Le gaz naturel liquéfié (GNL) en provenance de Russie a atteint au premier trimestre 2026 un volume inédit depuis le début du conflit en Ukraine, malgré les objectifs européens de diversification. Selon une étude de l'Institute for Energy Economics and Financial Analysis (IEEFA) publiée mercredi, ces chiffres soulignent la dépendance persistante du continent européen au gaz russe, alors que le conflit au Moyen-Orient bouleverse l'approvisionnement mondial en hydrocarbures.
Une hausse significative des importations
Tirées par la France, l'Espagne et la Belgique, les importations de GNL russe par l'Union européenne ont augmenté de 16 % au premier trimestre 2026 sur un an, atteignant 6,9 milliards de mètres cubes. La tendance s'est poursuivie en avril, mois durant lequel les importations européennes de GNL russe ont encore crû de 17 % sur un an.
Une dépendance persistante
Depuis l'invasion de l'Ukraine en 2022, l'Europe a cherché à diversifier ses sources pour réduire sa dépendance historique au gaz acheminé par gazoducs. En 2025, le GNL représentait 45 % des importations de gaz de l'UE, le reste étant acheminé par gazoducs, selon la Commission européenne. Toutefois, la Russie demeure le deuxième fournisseur de GNL de l'Union, alors même que Bruxelles a approuvé l'interdiction de toutes les importations de gaz russe d'ici à l'automne 2027 pour priver Moscou de ressources financières.

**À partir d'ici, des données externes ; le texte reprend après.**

lemma measure_Pi_bernoulli_le_if_determined:
  assumes "finite D" "F \<subseteq> D" "0 \<le> p" "p \<le> 1"
    and determined: "\<And>G G'. G \<in> E \<Longrightarrow> G' \<in> E \<Longrightarrow> \<forall>x. x \<notin> F \<longrightarrow> G x = G' x \<Longrightarrow> G = G'"
  shows "measure_pmf.prob (Pi_pmf D False (\<lambda>_. bernoulli_pmf p)) E \<le> max p (1 - p) ^ card F"
proof -
  define X where "X = Pi_pmf D False (\<lambda>_. bernoulli_pmf p)"
  define Y where "Y = Pi_pmf (D - F) False (\<lambda>_. bernoulli_pmf p)"
  define restr where "restr G x \<longleftrightarrow> x \<in> D - F \<and> G x" for G :: "'a \<Rightarrow> bool" and x
  define S where "S = E \<inter> set_pmf X"
  have X_outside: "\<not> G x" if "G \<in> set_pmf X" "x \<notin> D" for G x
    using subsetD[OF set_Pi_pmf_subset[OF assms(1), of False "\<lambda>_. bernoulli_pmf p"]] that
    unfolding X_def by blast
  have "finite (set_pmf X)"
    unfolding X_def
    by (rule finite_subset[OF set_Pi_pmf_subset'[OF assms(1)]])
      (intro finite_PiE_dflt assms(1) finite)
  then have "finite S" by (simp add: S_def)
  have "inj_on restr S"
  proof (rule inj_onI)
    fix G G' assume "G \<in> S" "G' \<in> S" "restr G = restr G'"
    have "G x = G' x" if "x \<notin> F" for x
    proof (cases "x \<in> D")
      case True
      then show ?thesis using fun_cong[OF \<open>restr G = restr G'\<close>, of x] that by (simp add: restr_def)
    next
      case False
      then show ?thesis using X_outside \<open>G \<in> S\<close> \<open>G' \<in> S\<close> by (auto simp: S_def)
    qed
    then show "G = G'"
      using determined \<open>G \<in> S\<close> \<open>G' \<in> S\<close> by (simp add: S_def)
  qed
  have "measure_pmf.prob X E = measure_pmf.prob X S"
    by (simp add: S_def measure_Int_set_pmf)
  also have "\<dots> = (\<Sum>G\<in>S. pmf X G)"
    using \<open>finite S\<close> by (simp add: measure_measure_pmf_finite)
  also have "\<dots> \<le> (\<Sum>G\<in>S. max p (1 - p) ^ card F * pmf Y (restr G))"
    using pmf_Pi_bernoulli_le[OF assms(1-4)] unfolding X_def Y_def restr_def
    by (intro sum_mono) blast
  also have "\<dots> = max p (1 - p) ^ card F * measure_pmf.prob Y (restr ` S)"
    using \<open>finite S\<close> \<open>inj_on restr S\<close>
    by (simp add: sum_distrib_left[symmetric] sum.reindex measure_measure_pmf_finite)
  also have "\<dots> \<le> max p (1 - p) ^ card F"
    by (intro mult_left_le) auto
  finally show ?thesis by (simp add: X_def)
qed

lemma exists_pairwise_independent_subset:
  assumes "finite V" "\<And>i. i \<in> V \<Longrightarrow> R i i" "\<And>i j. R i j \<Longrightarrow> R j i"
    and "\<And>i. i \<in> V \<Longrightarrow> card {j \<in> V. R i j} \<le> d"
  shows "\<exists>I \<subseteq> V. pairwise (\<lambda>i j. \<not> R i j) I \<and> card V \<le> d * card I"
  using assms
proof (induction "card V" arbitrary: V rule: less_induct)
  case less
  show ?case
  proof (cases "V = {}")
    case False
    then obtain v where "v \<in> V" by auto
    define N where "N = {j \<in> V. R v j}"
    have "v \<in> N" "N \<subseteq> V"
      using \<open>v \<in> V\<close> less.prems(2) by (auto simp: N_def)
    have "finite N" using \<open>N \<subseteq> V\<close> less.prems(1) by (rule finite_subset)
    have "card (V - N) < card V"
      using \<open>v \<in> N\<close> \<open>v \<in> V\<close> less.prems(1) by (intro psubset_card_mono) auto
    moreover have "card {j \<in> V - N. R i j} \<le> d" if "i \<in> V - N" for i
    proof -
      have "card {j \<in> V - N. R i j} \<le> card {j \<in> V. R i j}"
        using less.prems(1) by (intro card_mono) auto
      then show ?thesis using less.prems(4)[of i] that by simp
    qed
    ultimately obtain I where I: "I \<subseteq> V - N" "pairwise (\<lambda>i j. \<not> R i j) I"
      "card (V - N) \<le> d * card I"
      using less.hyps[of "V - N"] less.prems by blast
    have "v \<notin> I" "finite I"
      using I(1) \<open>v \<in> N\<close> less.prems(1) finite_subset by auto
    have "card V = card (V - N) + card N"
      using card_Diff_subset[OF \<open>finite N\<close> \<open>N \<subseteq> V\<close>] card_mono[OF less.prems(1) \<open>N \<subseteq> V\<close>]
      by simp
    also have "\<dots> \<le> d * card (insert v I)"
      using I(3) less.prems(4)[OF \<open>v \<in> V\<close>] \<open>v \<notin> I\<close> \<open>finite I\<close> by (simp add: N_def)
    finally have "card V \<le> d * card (insert v I)" .
    moreover have "pairwise (\<lambda>i j. \<not> R i j) (insert v I)"
      using I(1,2) less.prems(3) by (auto simp: pairwise_insert N_def)
    moreover have "insert v I \<subseteq> V" using I(1) \<open>v \<in> V\<close> by auto
    ultimately show ?thesis by blast
  qed simp
qed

La France a notamment importé plus de GNL russe que tout autre pays européen au premier trimestre 2026, avec un record atteint en janvier, précise le centre de réflexion. En parallèle, l'Europe a accru ses approvisionnements en GNL américain, au point que les États-Unis sont en passe de devenir le principal fournisseur de gaz du continent en 2026.
Le talon d'Achille de la stratégie énergétique de l'UE
Au premier trimestre, la Norvège demeurait le premier fournisseur de l'UE avec une part de 31 %, suivie de près par les États-Unis (28 %) et la Russie (14 %), en comptabilisant l'ensemble des importations. Le passage de l'Europe du gaz acheminé par gazoduc au GNL était censé garantir la sécurité d'approvisionnement et la diversification. Pourtant, les perturbations causées par la guerre au Moyen-Orient et une dépendance excessive au GNL américain montrent que le plan de l'Europe a échoué sur ces deux fronts, a déclaré Ana Maria Jaller-Makarewicz, analyste à l'IEEFA. Le GNL est devenu le talon d'Achille de la stratégie de sécurité énergétique de l'Europe, exposant le continent à des prix élevés et à de nouvelles formes de perturbation des approvisionnements, a-t-elle ajouté. Selon l'IEEFA, l'UE pourrait s'approvisionner à 80 % de ses importations de GNL aux États-Unis d'ici 2028.